» **What needs to be done**: Copy exactly the lines from the start of the data below through the one that carries "(2 * orient", and only those.

^^^^^^^^

lemma general_position_not_equidistant:
  assumes "general_position S" "a \<in> S" "b \<in> S" "c \<in> S" "d \<in> S"
    "a \<noteq> b" "a \<noteq> c" "a \<noteq> d" "b \<noteq> c" "b \<noteq> d" "c \<noteq> d"
    "sqdist b z = sqdist a z" "sqdist c z = sqdist a z" "sqdist d z = sqdist a z"
  shows False
proof -
  have "cocircular {a, b, c, d}" unfolding cocircular_def
    using assms(12-14) by (intro exI[of _ z] exI[of _ "dist a z"]) (auto simp: dist_eq_iff_sqdist_eq)
  moreover have "card {a, b, c, d} = 4" using assms by auto
  ultimately show False using assms(1-5) unfolding general_position_def by auto
qed

lemma orient_eq_0_if_inner_eq:
  assumes "(u::point) \<noteq> 0" "inner u x = inner u y" "inner u x = inner u z"
  shows "orient x y z = 0"
proof -
  have "u$1 * orient x y z = 0" "u$2 * orient x y z = 0"
    using assms(2,3) unfolding inner_point orient_def by algebra+
  then show ?thesis using assms(1) point_neq_0_iff by auto
qed

section \<open>Circles through two and three points\<close>

text \<open>The circles through \<open>p\<close> and \<open>q\<close> form a pencil. The member with parameter \<open>t\<close> is centred
  at the midpoint of \<open>pq\<close> moved by \<open>t\<close> times \<open>q - p\<close> turned left by a right angle, so as
  \<open>t\<close> increases its disk gains the points left of \<open>pq\<close> and loses those right of it.\<close>
definition pencil_centre :: "point \<Rightarrow> point \<Rightarrow> real \<Rightarrow> point" where
  "pencil_centre p q t =
     vector [(p$1 + q$1) / 2 - t * (q$2 - p$2), (p$2 + q$2) / 2 + t * (q$1 - p$1)]"

definition in_pencil_disk :: "point \<Rightarrow> point \<Rightarrow> real \<Rightarrow> point \<Rightarrow> bool" where
  "in_pencil_disk p q t z \<longleftrightarrow> sqdist z (pencil_centre p q t) < sqdist p (pencil_centre p q t)"

definition pencil_param :: "point \<Rightarrow> point \<Rightarrow> point \<Rightarrow> real" where
  "pencil_param p q z = inner (z - p) (z - q) / (2 * orient p q z)"

lemma sqdist_pencil_centre:
  "sqdist z (pencil_centre p q t) - sqdist p (pencil_centre p q t)
     = inner (z - p) (z - q) - 2 * t * orient p q z"
  unfolding sqdist_def pencil_centre_def inner_point orient_def
  by (simp add: power2_eq_square algebra_simps)

lemma in_pencil_disk_iff_inner: "in_pencil_disk p q t z \<longleftrightarrow> inner (z - p) (z - q) < 2 * t * orient p q z"
  using sqdist_pencil_centre[of z p q t] unfolding in_pencil_disk_def by linarith

lemma not_in_pencil_disk_ends: "\<not> in_pencil_disk p q t p" "\<not> in_pencil_disk p q t q"
  by (simp_all add: in_pencil_disk_iff_inner)

lemma in_pencil_disk_iff_param:
  assumes "orient p q z \<noteq> 0"
  shows "in_pencil_disk p q t z \<longleftrightarrow>
    (if 0 < orient p q z then pencil_param p q z < t else t < pencil_param p q z)"
proof (cases "0 < orient p q z")
  case False
  then have "orient p q z < 0" using assms by linarith
  then show ?thesis
    unfolding in_pencil_disk_iff_inner pencil_param_def by (simp add: field_simps)
qed (simp add: in_pencil_disk_iff_inner pencil_param_def field_simps)

definition circumcentre :: "point \<Rightarrow> point \<Rightarrow> point \<Rightarrow> point" where
  "circumcentre a b c = pencil_centre a b (pencil_param a b c)"

lemma circumcentre_equidistant:
  assumes "orient a b c \<noteq> 0"
  shows "sqdist b (circumcentre a b c) = sqdist a (circumcentre a b c)"
    "sqdist c (circumcentre a b c) = sqdist a (circumcentre a b c)"
proof -
  show "sqdist b (circumcentre a b c) = sqdist a (circumcentre a b c)"
    using sqdist_pencil_centre[of b a b] by (simp add: circumcentre_def)
  have "2 * pencil_param a b c * orient a b c = inner (c - a) (c - b)"
    using assms by (simp add: pencil_param_def)
  then show "sqdist c (circumcentre a b c) = sqdist a (circumcentre a b c)"
    using sqdist_pencil_centre[of c a b "pencil_param a b c"] unfolding circumcentre_def by linarith
qed

lemma circumcentre_unique:
  assumes "orient a b c \<noteq> 0" "sqdist b z = sqdist a z" "sqdist c z = sqdist a z"
  shows "z = circumcentre a b c"
proof (rule ccontr)
  define ctr where "ctr = circumcentre a b c"
  assume "z \<noteq> ctr"
  have "inner (z - ctr) x = inner (z - ctr) a" if "sqdist x z = sqdist a z" "sqdist x ctr = sqdist a ctr" for x
    using that sqdist_diff[of x z a] sqdist_diff[of x ctr a]
    by (simp add: inner_diff_left inner_diff_right inner_commute)
  then have "inner (z - ctr) a = inner (z - ctr) b" "inner (z - ctr) a = inner (z - ctr) c"
    using assms(2,3) circumcentre_equidistant[OF assms(1)] unfolding ctr_def by metis+
  then have "orient a b c = 0"
    using \<open>z \<noteq> ctr\<close> by (intro orient_eq_0_if_inner_eq[of "z - ctr"]) auto
  then show False using assms(1) by simp
qed

lemma circumcentre_swap12:
  assumes "orient a b c \<noteq> 0"
  shows "circumcentre b a c = circumcentre a b c"
proof -
  have "orient b a c \<noteq> 0" using assms orient_swap12[of b a c] by simp
  then show ?thesis
    using circumcentre_equidistant[OF assms] by (intro circumcentre_unique[symmetric]) auto
qed

lemma circumcentre_swap23:
  assumes "orient a b c \<noteq> 0"
  shows "circumcentre a c b = circumcentre a b c"
proof -
  have "orient a c b \<noteq> 0" using assms orient_swap23[of a c b] by simp
  then show ?thesis
    using circumcentre_equidistant[OF assms] by (intro circumcentre_unique[symmetric]) auto
qed

lemma in_circumdisk_iff:
  assumes "orient a b c \<noteq> 0"
  shows "in_circumdisk {a, b, c} z \<longleftrightarrow> sqdist z (circumcentre a b c) < sqdist a (circumcentre a b c)"
proof
  assume "in_circumdisk {a, b, c} z"
  then obtain ctr r where "\<forall>x\<in>{a, b, c}. dist x ctr = r" "dist z ctr < r"
    unfolding in_circumdisk_def by blast
  moreover from this have "ctr = circumcentre a b c"
    using assms by (intro circumcentre_unique) (auto simp: dist_eq_iff_sqdist_eq[symmetric])
  ultimately show "sqdist z (circumcentre a b c) < sqdist a (circumcentre a b c)"
    by (auto simp: dist_less_iff_sqdist_less[symmetric])
next
  assume "sqdist z (circumcentre a b c) < sqdist a (circumcentre a b c)"
  then show "in_circumdisk {a, b, c} z" unfolding in_circumdisk_def
    using circumcentre_equidistant[OF assms]
    by (intro exI[of _ "circumcentre a b c"] exI[of _ "dist a (circumcentre a b c)"])
       (auto simp: dist_less_iff_sqdist_less dist_eq_iff_sqdist_eq)
qed

lemma in_circumdisk_iff_pencil:
  assumes "orient p q e \<noteq> 0"
  shows "in_circumdisk {p, q, e} z \<longleftrightarrow> in_pencil_disk p q (pencil_param p q e) z"
  unfolding in_circumdisk_iff[OF assms] in_pencil_disk_def circumcentre_def ..

lemma inj_on_pencil_param:
  assumes "general_position S" "p \<in> S" "q \<in> S" "p \<noteq> q"
  shows "inj_on (pencil_param p q) (S - {p, q})"
proof (rule inj_onI, rule ccontr)
  fix e e' assume e: "e \<in> S - {p, q}" "e' \<in> S - {p, q}" "pencil_param p q e = pencil_param p q e'" "e \<noteq> e'"
  have "orient p q e \<noteq> 0" "orient p q e' \<noteq> 0"
    using e general_position_orient_neq_0[OF assms(1-3)] assms(4) by auto
  moreover have "circumcentre p q e = circumcentre p q e'"
    unfolding circumcentre_def e(3) ..
  ultimately have "sqdist q (circumcentre p q e) = sqdist p (circumcentre p q e)"
    "sqdist e (circumcentre p q e) = sqdist p (circumcentre p q e)"
    "sqdist e' (circumcentre p q e) = sqdist p (circumcentre p q e)"
    using circumcentre_equidistant by metis+
  then show False
    using general_position_not_equidistant[of S p q e e'] assms e by auto
qed

section \<open>A generic sweep direction\<close>

definition along :: "real \<Rightarrow> point \<Rightarrow> real" where
  "along s z = z$1 + s * z$2"

definition across :: "real \<Rightarrow> point \<Rightarrow> real" where
  "across s z = z$2 - s * z$1"

text \<open>The member of the pencil through \<open>p\<close> and \<open>q\<close> whose centre has the same \<open>across\<close>
  coordinate as \<open>p\<close>: the circle through \<open>q\<close> tangent at \<open>p\<close> to the line of constant
  \<open>along\<close> through \<open>p\<close>.\<close>
definition tangent_param :: "real \<Rightarrow> point \<Rightarrow> point \<Rightarrow> real" where
  "tangent_param s p q = (across s p - across s q) / (2 * (along s q - along s p))"

lemma across_pencil_centre:
  "across s (pencil_centre p q t) = (across s p + across s q) / 2 + t * (along s q - along s p)"
  unfolding across_def along_def pencil_centre_def by (simp add: field_simps)

lemma across_pencil_centre_tangent:
  assumes "along s q \<noteq> along s p"
  shows "across s (pencil_centre p q (tangent_param s p q)) = across s p"
  using assms unfolding across_pencil_centre tangent_param_def by (simp add: field_simps)

text \<open>The tangent circle at \<open>p\<close> through \<open>z\<close> has centre \<open>p + (tangent_scale s p z / 2) (1, s)\<close>.\<close>
definition tangent_scale :: "real \<Rightarrow> point \<Rightarrow> point \<Rightarrow> real" where
  "tangent_scale s p z = sqdist z p / (along s z - along s p)"

lemma in_tangent_disk_iff:
  assumes "along s q \<noteq> along s p"
  shows "in_pencil_disk p q (tangent_param s p q) z \<longleftrightarrow>
    sqdist z p < tangent_scale s p q * (along s z - along s p)"
proof -
  have "inner (z - p) (z - q) - 2 * tangent_param s p q * orient p q z
      = sqdist z p - tangent_scale s p q * (along s z - along s p)"
    using assms unfolding inner_point tangent_param_def orient_def tangent_scale_def sqdist_def
      across_def along_def
    by (simp add: field_simps power2_eq_square)
  then show ?thesis unfolding in_pencil_disk_iff_inner by linarith
qed

text \<open>The sweep in direction \<open>(1, s)\<close> meets its events one at a time: no two points of \<open>S\<close>
  have the same \<open>along\<close> coordinate, and no circle through three points of \<open>S\<close> is tangent at
  one of them to a line of constant \<open>along\<close>.\<close>
definition generic_direction :: "real \<Rightarrow> point set \<Rightarrow> bool" where
  "generic_direction s S \<longleftrightarrow> inj_on (along s) S \<and>
     (\<forall>a\<in>S. \<forall>b\<in>S. \<forall>c\<in>S. a \<noteq> b \<and> a \<noteq> c \<and> b \<noteq> c \<longrightarrow>
        across s (circumcentre a b c) \<noteq> across s a)"

lemma generic_direction_exists:
  assumes "finite S" "general_position S"
  obtains s where "generic_direction s S"
proof -
  define D2 where "D2 = {(a, b). a \<in> S \<and> b \<in> S \<and> a \<noteq> b}"
  define D3 where "D3 = {(a, b, c). a \<in> S \<and> b \<in> S \<and> c \<in> S \<and> a \<noteq> b \<and> a \<noteq> c \<and> b \<noteq> c}"
  define bad where "bad = (\<Union>(a, b)\<in>D2. {s. along s a = along s b})
    \<union> (\<Union>(a, b, c)\<in>D3. {s. across s (circumcentre a b c) = across s a})"
  have "finite D2" "finite D3"
    using assms(1) by (auto simp: D2_def D3_def intro: finite_subset[of _ "S \<times> S"] finite_subset[of _ "S \<times> S \<times> S"])
  moreover have "finite {s. along s a = along s b}" if "(a, b) \<in> D2" for a b
  proof -
    have "a$1 - b$1 \<noteq> 0 \<or> a$2 - b$2 \<noteq> 0" using that point_eqI by (force simp: D2_def)
    moreover have "{s. along s a = along s b} = {s. (a$1 - b$1) + s * (a$2 - b$2) = 0}"
      by (auto simp: along_def algebra_simps)
    ultimately show ?thesis using finite_roots_affine by metis
  qed
  moreover have "finite {s. across s (circumcentre a b c) = across s a}" if "(a, b, c) \<in> D3" for a b c
  proof -
    define ctr where "ctr = circumcentre a b c"
    have "orient a b c \<noteq> 0" using that general_position_orient_neq_0[OF assms(2)] by (auto simp: D3_def)
    then have "sqdist b ctr = sqdist a ctr" unfolding ctr_def by (rule circumcentre_equidistant)
    then have "ctr \<noteq> a" using that sqdist_pos[of b a] by (auto simp: D3_def sqdist_def)
    moreover have "{s. across s ctr = across s a} = {s. (ctr$2 - a$2) + s * (a$1 - ctr$1) = 0}"
      by (auto simp: across_def algebra_simps)
    ultimately show ?thesis using finite_roots_affine[of "ctr$2 - a$2" "a$1 - ctr$1"]
      unfolding ctr_def by (metis eq_iff_diff_eq_0 point_eqI)
  qed
  ultimately have "finite bad" unfolding bad_def by auto
  then obtain s where "s \<notin> bad" using ex_new_if_finite[OF infinite_UNIV_char_0] by blast
  then have "generic_direction s S"
    unfolding generic_direction_def bad_def D2_def D3_def inj_on_def by blast
  then show thesis by (rule that)
qed
lemma dim_span_columns_eq:
  assumes ker: "gram_kernel W C = span {ones_on C}" and "C \<noteq> {}"
  shows "dim (span ((\<lambda>i. column i W) ` C)) = card C - 1"
proof -
  obtain i0 where i0: "i0 \<in> C"
    using \<open>C \<noteq> {}\<close> by blast
  have "cluster_map W C (ones_on C) = 0"
    using ker span_base[of "ones_on C" "{ones_on C}"] by (auto simp: gram_kernel_eq_cluster_map_kernel)
  then have "span ((\<lambda>i. column i W) ` C) = cluster_map W C ` coords_on (C - {i0})"
    by (simp add: cluster_map_image_remove i0 cluster_map_image)
  also have "dim \<dots> = dim (coords_on (C - {i0}))"
    using inj_on_cluster_map_remove[OF ker i0]
    by (intro dim_image_eq linear_cluster_map) (simp add: span_eq_iff[THEN iffD2] subspace_coords_on)
  also have "\<dots> = card C - 1"
    using i0 by (simp add: dim_coords_on)
  finally show ?thesis .
qed

lemma gram_on_eq_center_on_iff:
  "(\<forall>x\<in>coords_on C. gram_on W C x = c *\<^sub>R center_on C x) \<longleftrightarrow>
   (\<forall>i\<in>C. \<forall>j\<in>C. column i W \<bullet> column j W = c * ((if i = j then 1 else 0) - 1 / real (card C)))"
  (is "?operator \<longleftrightarrow> ?entries")
proof
  assume ?operator
  show ?entries
  proof (intro ballI)
    fix i j assume ij: "i \<in> C" "j \<in> C"
    have axis: "axis j 1 \<in> coords_on C"
      using ij by (simp add: coords_on_def axis_def)
    have "column i W \<bullet> column j W = gram_on W C (axis j 1) $ i"
      using ij by (simp add: gram_on_axis)
    also have "\<dots> = c * center_on C (axis j 1) $ i"
      using \<open>?operator\<close> axis by simp
    also have "\<dots> = c * ((if i = j then 1 else 0) - 1 / real (card C))"
      using ij axis by (simp add: center_on_nth axis_def)
    finally show "column i W \<bullet> column j W = c * ((if i = j then 1 else 0) - 1 / real (card C))" .
  qed
next
  assume ?entries
  show ?operator
  proof
    fix x assume x: "x \<in> coords_on C"
    have "gram_on W C x $ i = c * center_on C x $ i" if "i \<in> C" for i
    proof -
      have "gram_on W C x $ i = (\<Sum>j\<in>C. c * ((if i = j then 1 else 0) - 1 / real (card C)) * x $ j)"
        using \<open>?entries\<close> that by (simp add: gram_on_def)
      also have "\<dots> = (\<Sum>j\<in>C. (if i = j then c * x $ j else 0) - c * (x $ j / real (card C)))"
        by (intro sum.cong) (auto simp: algebra_simps divide_inverse)
      also have "\<dots> = c * (x $ i - (\<Sum>j\<in>C. x $ j) / real (card C))"
        using that by (simp add: sum_subtractf sum_distrib_left[symmetric] sum_divide_distrib[symmetric]
            right_diff_distrib)
      finally show ?thesis
        using x that by (simp add: center_on_nth)
    qed
    then show "gram_on W C x = c *\<^sub>R center_on C x"
      using x by (auto simp: vec_eq_iff center_on_nth gram_on_def)
  qed
qed

lemma simplex_geometry_iff_gram_on_center_on:
  assumes "card C \<ge> 2"
  shows "simplex_geometry W C \<longleftrightarrow>
    (\<forall>x\<in>coords_on C. gram_on W C x = (real (card C) / (real (card C) - 1)) *\<^sub>R center_on C x)"
proof -
  let ?p = "real (card C)"
  have p: "?p - 1 > 0" "?p \<noteq> 0"
    using assms by auto
  have entry: "(if i = j then 1 else - 1 / (?p - 1)) = ?p / (?p - 1) * ((if i = j then 1 else 0) - 1 / ?p)"
    for i j :: 'n
    using p by (simp add: field_simps)
  have "simplex_geometry W C \<longleftrightarrow>
      (\<forall>i\<in>C. \<forall>j\<in>C. column i W \<bullet> column j W = (if i = j then 1 else - 1 / (?p - 1)))"
    using assms by (auto simp: simplex_geometry_def norm_eq_1)
  then show ?thesis
    by (simp only: entry gram_on_eq_center_on_iff)
qed

context
  fixes W :: "real^'n^'m" and C :: "'n set" and c :: real
  assumes card_C: "card C \<ge> 2" and c_nonzero: "c \<noteq> 0"
    and gram_on_center_on: "\<And>x. x \<in> coords_on C \<Longrightarrow> gram_on W C x = c *\<^sub>R center_on C x"
begin

lemma gram_kernel_eq_span_ones: "gram_kernel W C = span {ones_on C}"
proof -
  have "span {ones_on C} \<subseteq> coords_on C"
    by (simp add: span_minimal subspace_coords_on ones_on_in_coords_on)
  then show ?thesis
    using c_nonzero by (auto simp: gram_kernel_def gram_on_center_on center_on_eq_0_iff)
qed

lemma gram_eigenspace_eq_ones_perp: "gram_eigenspace W C c = ones_perp C"
  using c_nonzero
  by (auto simp: gram_eigenspace_def gram_on_center_on center_on_eq_self_iff ones_perp_def)

lemma gram_image_eq_ones_perp: "gram_image W C = ones_perp C"
proof
  show "gram_image W C \<subseteq> ones_perp C"
  proof
    fix y assume "y \<in> gram_image W C"
    then obtain x where x: "x \<in> coords_on C" and y: "y = c *\<^sub>R center_on C x"
      by (auto simp: gram_image_def gram_on_center_on)
    show "y \<in> ones_perp C"
      using center_on_in_ones_perp[OF x] by (simp add: y ones_perp_def coords_on_def)
  qed
  show "ones_perp C \<subseteq> gram_image W C"
  proof
    fix y assume "y \<in> ones_perp C"
    then have y: "y \<in> coords_on C" "gram_on W C y = c *\<^sub>R y"
      using gram_eigenspace_eq_ones_perp by (auto simp: gram_eigenspace_def)
    then have "y = gram_on W C ((1 / c) *\<^sub>R y)"
      using c_nonzero by (simp add: linear_scale[OF linear_gram_on])
    moreover have "(1 / c) *\<^sub>R y \<in> coords_on C"
      using y(1) by (simp add: coords_on_def)
    ultimately show "y \<in> gram_image W C"
      unfolding gram_image_def by blast
  qed
qed

lemma gram_eigenvalues_eq: "{\<mu>. gram_eigenvalue W C \<mu>} = {0, c}"
proof (intro equalityI subsetI)
  fix \<mu> assume "\<mu> \<in> {\<mu>. gram_eigenvalue W C \<mu>}"
  then obtain x where x: "x \<in> coords_on C" "x \<noteq> 0" "gram_on W C x = \<mu> *\<^sub>R x"
    by (auto simp: gram_eigenvalue_def)
  show "\<mu> \<in> {0, c}"
  proof (cases "x \<in> ones_perp C")
    case True
    then have "c *\<^sub>R x = \<mu> *\<^sub>R x"
      using x(3) unfolding gram_eigenspace_eq_ones_perp[symmetric] by (auto simp: gram_eigenspace_def)
    then show ?thesis
      using x(2) by simp
  next
    case False
    have "gram_on W C x \<in> gram_image W C"
      using x(1) by (simp add: gram_image_def)
    then have "\<mu> *\<^sub>R x \<in> ones_perp C"
      using x(3) gram_image_eq_ones_perp by simp
    then have "\<mu> * (x \<bullet> ones_on C) = 0"
      by (simp add: ones_perp_def)
    then show ?thesis
      using False x(1) by (simp add: ones_perp_def)
  qed
next
  fix \<mu> assume "\<mu> \<in> {0, c}"
  moreover have "gram_eigenvalue W C 0"
  proof -
    have "ones_on C \<noteq> 0"
      using card_C ones_on_eq_0_iff[of C] by auto
    moreover have "ones_on C \<in> gram_eigenspace W C 0"
      by (simp add: gram_eigenspace_0 gram_kernel_eq_span_ones span_base)
    ultimately show ?thesis
      by (auto simp: gram_eigenvalue_def gram_eigenspace_def)
  qed
  moreover have "gram_eigenvalue W C c"
    using card_C ones_perp_nontrivial_iff[of C] gram_eigenspace_eq_ones_perp
    by (auto simp: gram_eigenvalue_def gram_eigenspace_def)
  ultimately show "\<mu> \<in> {\<mu>. gram_eigenvalue W C \<mu>}"
    by auto
qed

^^^^^^^^

» **Solution for this problem**:
lemma general_position_not_equidistant:
  assumes "general_position S" "a \<in> S" "b \<in> S" "c \<in> S" "d \<in> S"
    "a \<noteq> b" "a \<noteq> c" "a \<noteq> d" "b \<noteq> c" "b \<noteq> d" "c \<noteq> d"
    "sqdist b z = sqdist a z" "sqdist c z = sqdist a z" "sqdist d z = sqdist a z"
  shows False
proof -
  have "cocircular {a, b, c, d}" unfolding cocircular_def
    using assms(12-14) by (intro exI[of _ z] exI[of _ "dist a z"]) (auto simp: dist_eq_iff_sqdist_eq)
  moreover have "card {a, b, c, d} = 4" using assms by auto
  ultimately show False using assms(1-5) unfolding general_position_def by auto
qed

lemma orient_eq_0_if_inner_eq:
  assumes "(u::point) \<noteq> 0" "inner u x = inner u y" "inner u x = inner u z"
  shows "orient x y z = 0"
proof -
  have "u$1 * orient x y z = 0" "u$2 * orient x y z = 0"
    using assms(2,3) unfolding inner_point orient_def by algebra+
  then show ?thesis using assms(1) point_neq_0_iff by auto
qed

section \<open>Circles through two and three points\<close>

text \<open>The circles through \<open>p\<close> and \<open>q\<close> form a pencil. The member with parameter \<open>t\<close> is centred
  at the midpoint of \<open>pq\<close> moved by \<open>t\<close> times \<open>q - p\<close> turned left by a right angle, so as
  \<open>t\<close> increases its disk gains the points left of \<open>pq\<close> and loses those right of it.\<close>
definition pencil_centre :: "point \<Rightarrow> point \<Rightarrow> real \<Rightarrow> point" where
  "pencil_centre p q t =
     vector [(p$1 + q$1) / 2 - t * (q$2 - p$2), (p$2 + q$2) / 2 + t * (q$1 - p$1)]"

definition in_pencil_disk :: "point \<Rightarrow> point \<Rightarrow> real \<Rightarrow> point \<Rightarrow> bool" where
  "in_pencil_disk p q t z \<longleftrightarrow> sqdist z (pencil_centre p q t) < sqdist p (pencil_centre p q t)"

definition pencil_param :: "point \<Rightarrow> point \<Rightarrow> point \<Rightarrow> real" where
  "pencil_param p q z = inner (z - p) (z - q) / (2 * orient p q z)"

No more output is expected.